How and When to be Bored: Literature and Attention
Why can doing nothing feel so bad? When we “bed rot” are we actively decaying? Or, even if we like staying in bed, why might we fear others knowing or perceiving us as someone who does nothing? Does the adage “only boring people are bored” hold true? We will use these questions to make boredom interesting and to define this activity that looks like doing nothing. Boredom is at once something you might feel (“you are bored”) and something you judge others and things for being (“a boring person” or a boring book, movie, etc.).
To better understand boredom, we will look at when boredom first cohered as a concept and emerged etymologically in English: late eighteenth-century Britain. The critic Patricia Meyer Spacks argues that several cultural factors invented boredom at this historical moment: people had more leisure time; there was an increased investment in personal happiness; and, an explosion in print culture brought more potential diversions and distractions. People had both more to entertain them and more anxiety about their own idleness. How can this earlier articulation of boredom teach us about our own forms? How are we bored differently and similarly to those in the past?
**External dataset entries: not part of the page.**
lemma nbhd_mult_subset:
  assumes "openin T N" "\<one> \<in> N"
  obtains V where "openin T V" "\<one> \<in> V" "\<And>a b. a \<in> V \<Longrightarrow> b \<in> V \<Longrightarrow> a \<otimes> b \<in> N"
  using continuous_map_prod_nbhd_square[of T T "\<lambda>(a, b). a \<otimes> b" N \<one>] assms
    topological_group topspace_group
  by (auto simp: topological_group_def)

lemma nbhd_inv_mult_subset:
  assumes "openin T N" "\<one> \<in> N"
  obtains V where "openin T V" "\<one> \<in> V" "\<And>a b. a \<in> V \<Longrightarrow> b \<in> V \<Longrightarrow> inv a \<otimes> b \<in> N"
  using continuous_map_prod_nbhd_square[OF continuous_map_inv_mult assms(1)] assms(2) topspace_group
  by auto

lemma image_act_orbit:
  assumes "g \<in> carrier G" "S \<subseteq> carrier G" "x \<in> topspace X"
  shows "act g ` (\<lambda>h. act h x) ` S = (\<lambda>h. act h x) ` (g <# S)"
  using assms by (force simp: l_coset_def act_mult)

lemma image_act_closure_orbit:
  assumes "g \<in> carrier G" "S \<subseteq> carrier G" "x \<in> topspace X"
  shows "act g ` (X closure_of ((\<lambda>h. act h x) ` S)) = X closure_of ((\<lambda>h. act h x) ` (g <# S))"
proof -
  have "(\<lambda>h. act h x) ` S \<subseteq> topspace X"
    using assms act_in_topspace by auto
  then show ?thesis
    using homeomorphic_map_closure_of[OF homeomorphic_map_act[OF assms(1)]] image_act_orbit[OF assms]
    by metis
qed

lemma image_act_interior_closure_orbit:
  assumes "g \<in> carrier G" "S \<subseteq> carrier G" "x \<in> topspace X"
  shows "act g ` (X interior_of (X closure_of ((\<lambda>h. act h x) ` S)))
       = X interior_of (X closure_of ((\<lambda>h. act h x) ` (g <# S)))"
  using homeomorphic_map_interior_of[OF homeomorphic_map_act[OF assms(1)] closure_of_subset_topspace]
    image_act_closure_orbit[OF assms]
  by metis

lemma orbit_translate_in_interior_closure:
  assumes "transitive_action G X act" "baire_space X" and x: "x \<in> topspace X"
    and "countable A" "A \<subseteq> carrier G" "V \<subseteq> carrier G" and AV: "A <#> V = carrier G"
  obtains a v where "a \<in> A" "v \<in> V"
    "act (a \<otimes> v) x \<in> X interior_of (X closure_of ((\<lambda>g. act g x) ` (a <# V)))"
proof -
  define F where "F a = X closure_of ((\<lambda>g. act g x) ` (a <# V))" for a
  have cover: "topspace X \<subseteq> (\<Union>a\<in>A. F a)"
  proof
    fix y assume "y \<in> topspace X"
    then obtain g where g: "g \<in> carrier G" "act g x = y"
      using \<open>transitive_action G X act\<close> x unfolding transitive_action_def by blast
    then have "g \<in> A <#> V"
      using AV by simp
    then obtain a v where av: "a \<in> A" "v \<in> V" "g = a \<otimes> v"
      unfolding set_mult_def by blast
    then have "a \<otimes> v \<in> a <# V"
      unfolding l_coset_def by blast
    then have "y \<in> (\<lambda>g. act g x) ` (a <# V)"
      using g(2) av(3) by blast
    moreover have "a <# V \<subseteq> carrier G"
      using av(1) \<open>A \<subseteq> carrier G\<close> \<open>V \<subseteq> carrier G\<close> l_coset_subset_G by blast
    then have "(\<lambda>g. act g x) ` (a <# V) \<subseteq> topspace X"
      using act_in_topspace x by blast
    ultimately have "y \<in> F a"
      unfolding F_def using closure_of_subset by blast
    then show "y \<in> (\<Union>a\<in>A. F a)"
      using av(1) by blast
  qed
  have closed: "closedin X (F a)" for a
    unfolding F_def by simp
  have "topspace X \<noteq> {}"
    using x by blast
  then obtain a where "a \<in> A" and nonempty: "X interior_of F a \<noteq> {}"
    by (rule baire_space_closed_cover_interior[OF \<open>baire_space X\<close> \<open>countable A\<close> _ closed cover])
  have "X interior_of F a \<inter> F a \<noteq> {}"
    using nonempty by (simp add: Int_absorb2 interior_of_subset)
  then have "X interior_of F a \<inter> (\<lambda>g. act g x) ` (a <# V) \<noteq> {}"
    unfolding F_def by (simp add: openin_Int_closure_of_eq_empty)
  then obtain v where "v \<in> V" "act (a \<otimes> v) x \<in> X interior_of F a"
    unfolding l_coset_def by blast
  then show thesis
    using that \<open>a \<in> A\<close> unfolding F_def by blast
qed

lemma point_in_interior_closure_orbit:
  assumes "transitive_action G X act" "omega_narrow G T" "baire_space X"
    and x: "x \<in> topspace X" and U: "openin T U" "\<one> \<in> U"
  shows "x \<in> X interior_of (X closure_of ((\<lambda>g. act g x) ` U))"
proof -
  obtain V where V: "openin T V" "\<one> \<in> V" and VU: "\<And>a b. a \<in> V \<Longrightarrow> b \<in> V \<Longrightarrow> inv a \<otimes> b \<in> U"
    using nbhd_inv_mult_subset[OF U] by blast
  have V_carrier: "V \<subseteq> carrier G"
    using openin_subset[OF V(1)] topspace_group by simp
  obtain A where A: "countable A" "A \<subseteq> carrier G" "A <#> V = carrier G"
    by (rule omega_narrowE[OF \<open>omega_narrow G T\<close> V])
  obtain a v where "a \<in> A" "v \<in> V"
      and v: "act (a \<otimes> v) x \<in> X interior_of (X closure_of ((\<lambda>g. act g x) ` (a <# V)))"
    by (rule orbit_translate_in_interior_closure[OF assms(1,3) x A(1,2) V_carrier A(3)])
  have a: "a \<in> carrier G" and "v \<in> carrier G"
    using \<open>a \<in> A\<close> \<open>A \<subseteq> carrier G\<close> \<open>v \<in> V\<close> V_carrier by auto
  define h where "h = inv (a \<otimes> v)"
  have h: "h \<in> carrier G"
    unfolding h_def using a \<open>v \<in> carrier G\<close> by simp
  have "h <# (a <# V) = inv v <# V"
    unfolding h_def using a \<open>v \<in> carrier G\<close> V_carrier
    by (simp add: lcos_m_assoc inv_mult_group m_assoc)
  also have "\<dots> \<subseteq> U"
    using VU \<open>v \<in> V\<close> unfolding l_coset_def by blast
  finally have hV: "h <# (a <# V) \<subseteq> U" .
  have "x = act h (act (a \<otimes> v) x)"
    unfolding h_def using a \<open>v \<in> carrier G\<close> x by (simp add: act_mult[symmetric] act_one)
  also have "\<dots> \<in> act h ` (X interior_of (X closure_of ((\<lambda>g. act g x) ` (a <# V))))"
    using v by (rule imageI)
  also have "\<dots> = X interior_of (X closure_of ((\<lambda>g. act g x) ` (h <# (a <# V))))"
    using image_act_interior_closure_orbit[OF h l_coset_subset_G[OF V_carrier a] x] .
  also have "\<dots> \<subseteq> X interior_of (X closure_of ((\<lambda>g. act g x) ` U))"
    using hV by (intro interior_of_mono closure_of_mono image_mono)
  finally show ?thesis .
qed

lemma act_in_interior_closure_orbit_set_mult:
  assumes "transitive_action G X act" "omega_narrow G T" "baire_space X"
    and x: "x \<in> topspace X" and U: "openin T U" "\<one> \<in> U" and "u \<in> U"
  shows "act u x \<in> X interior_of (X closure_of ((\<lambda>g. act g x) ` (U <#> U)))"
proof -
  have "U \<subseteq> carrier G"
    using openin_subset[OF U(1)] topspace_group by simp
  then have u: "u \<in> carrier G"
    using \<open>u \<in> U\<close> by blast
  have "act u x \<in> act u ` (X interior_of (X closure_of ((\<lambda>g. act g x) ` U)))"
    using point_in_interior_closure_orbit[OF assms(1-6)] by blast
  also have "\<dots> = X interior_of (X closure_of ((\<lambda>g. act g x) ` (u <# U)))"
    using image_act_interior_closure_orbit[OF u \<open>U \<subseteq> carrier G\<close> x] .
  also have "\<dots> \<subseteq> X interior_of (X closure_of ((\<lambda>g. act g x) ` (U <#> U)))"
    using \<open>u \<in> U\<close>
    by (intro interior_of_mono closure_of_mono image_mono) (auto simp: l_coset_def set_mult_def)
  finally show ?thesis .
qed

lemma nbhd_closure_orbit_subset:
  assumes "regular_space X" "openin X B" "x \<in> B"
  obtains U where "openin T U" "\<one> \<in> U"
    "\<And>u. u \<in> U \<Longrightarrow> X closure_of ((\<lambda>g. act g x) ` (inv u <# (U <#> U))) \<subseteq> B"
proof -
  obtain W where W: "openin X W" "x \<in> W" "X closure_of W \<subseteq> B"
    by (rule regular_space_open_closure_subset[OF assms])
  have x: "x \<in> topspace X"
    using openin_subset[OF W(1)] W(2) by blast
  define N where "N = {g \<in> topspace T. act g x \<in> W}"
  have "openin T N"
    unfolding N_def using continuous_map_orbit[OF x] W(1) by (rule openin_continuous_map_preimage)
  moreover have "\<one> \<in> N"
    unfolding N_def using topspace_group act_one[OF x] W(2) by simp
  ultimately obtain U1 where U1: "openin T U1" "\<one> \<in> U1" "\<And>a b. a \<in> U1 \<Longrightarrow> b \<in> U1 \<Longrightarrow> inv a \<otimes> b \<in> N"
    using nbhd_inv_mult_subset by blast
  obtain U2 where U2: "openin T U2" "\<one> \<in> U2" "\<And>a b. a \<in> U2 \<Longrightarrow> b \<in> U2 \<Longrightarrow> a \<otimes> b \<in> U1"
    using nbhd_mult_subset[OF U1(1,2)] by blast
  show thesis
  proof (rule that[of "U1 \<inter> U2"])
    show "openin T (U1 \<inter> U2)"
      using U1(1) U2(1) by (rule openin_Int)
    show "\<one> \<in> U1 \<inter> U2"
      using U1(2) U2(2) by (rule IntI)
    fix u assume "u \<in> U1 \<inter> U2"
    then have "inv u \<otimes> (v \<otimes> w) \<in> N" if "v \<in> U1 \<inter> U2" "w \<in> U1 \<inter> U2" for v w
      using U1(3) U2(3) that by blast
    then have "(\<lambda>g. act g x) ` (inv u <# ((U1 \<inter> U2) <#> (U1 \<inter> U2))) \<subseteq> W"
      unfolding l_coset_def set_mult_def N_def by blast
    then show "X closure_of ((\<lambda>g. act g x) ` (inv u <# ((U1 \<inter> U2) <#> (U1 \<inter> U2)))) \<subseteq> B"
      using closure_of_mono W(3) by blast
  qed
qed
We will read together literary texts that use boredom as feeling and a judgement to express different kinds of discontent at different historical moments. We will read, watch, and engage with texts that purposefully solicit boredom, consider boredom, or try very hard to stave it off. Authors will include Alexander Pope, Samuel Johnson, Jane Austen, among others. We will also occasionally engage with recent, digital and multi-media projects, such as The Trainee (2008), video game Depression Quest (2013), and the experimental period drama Zama (2017). Assignments include frequent short, informal writing and two short essays.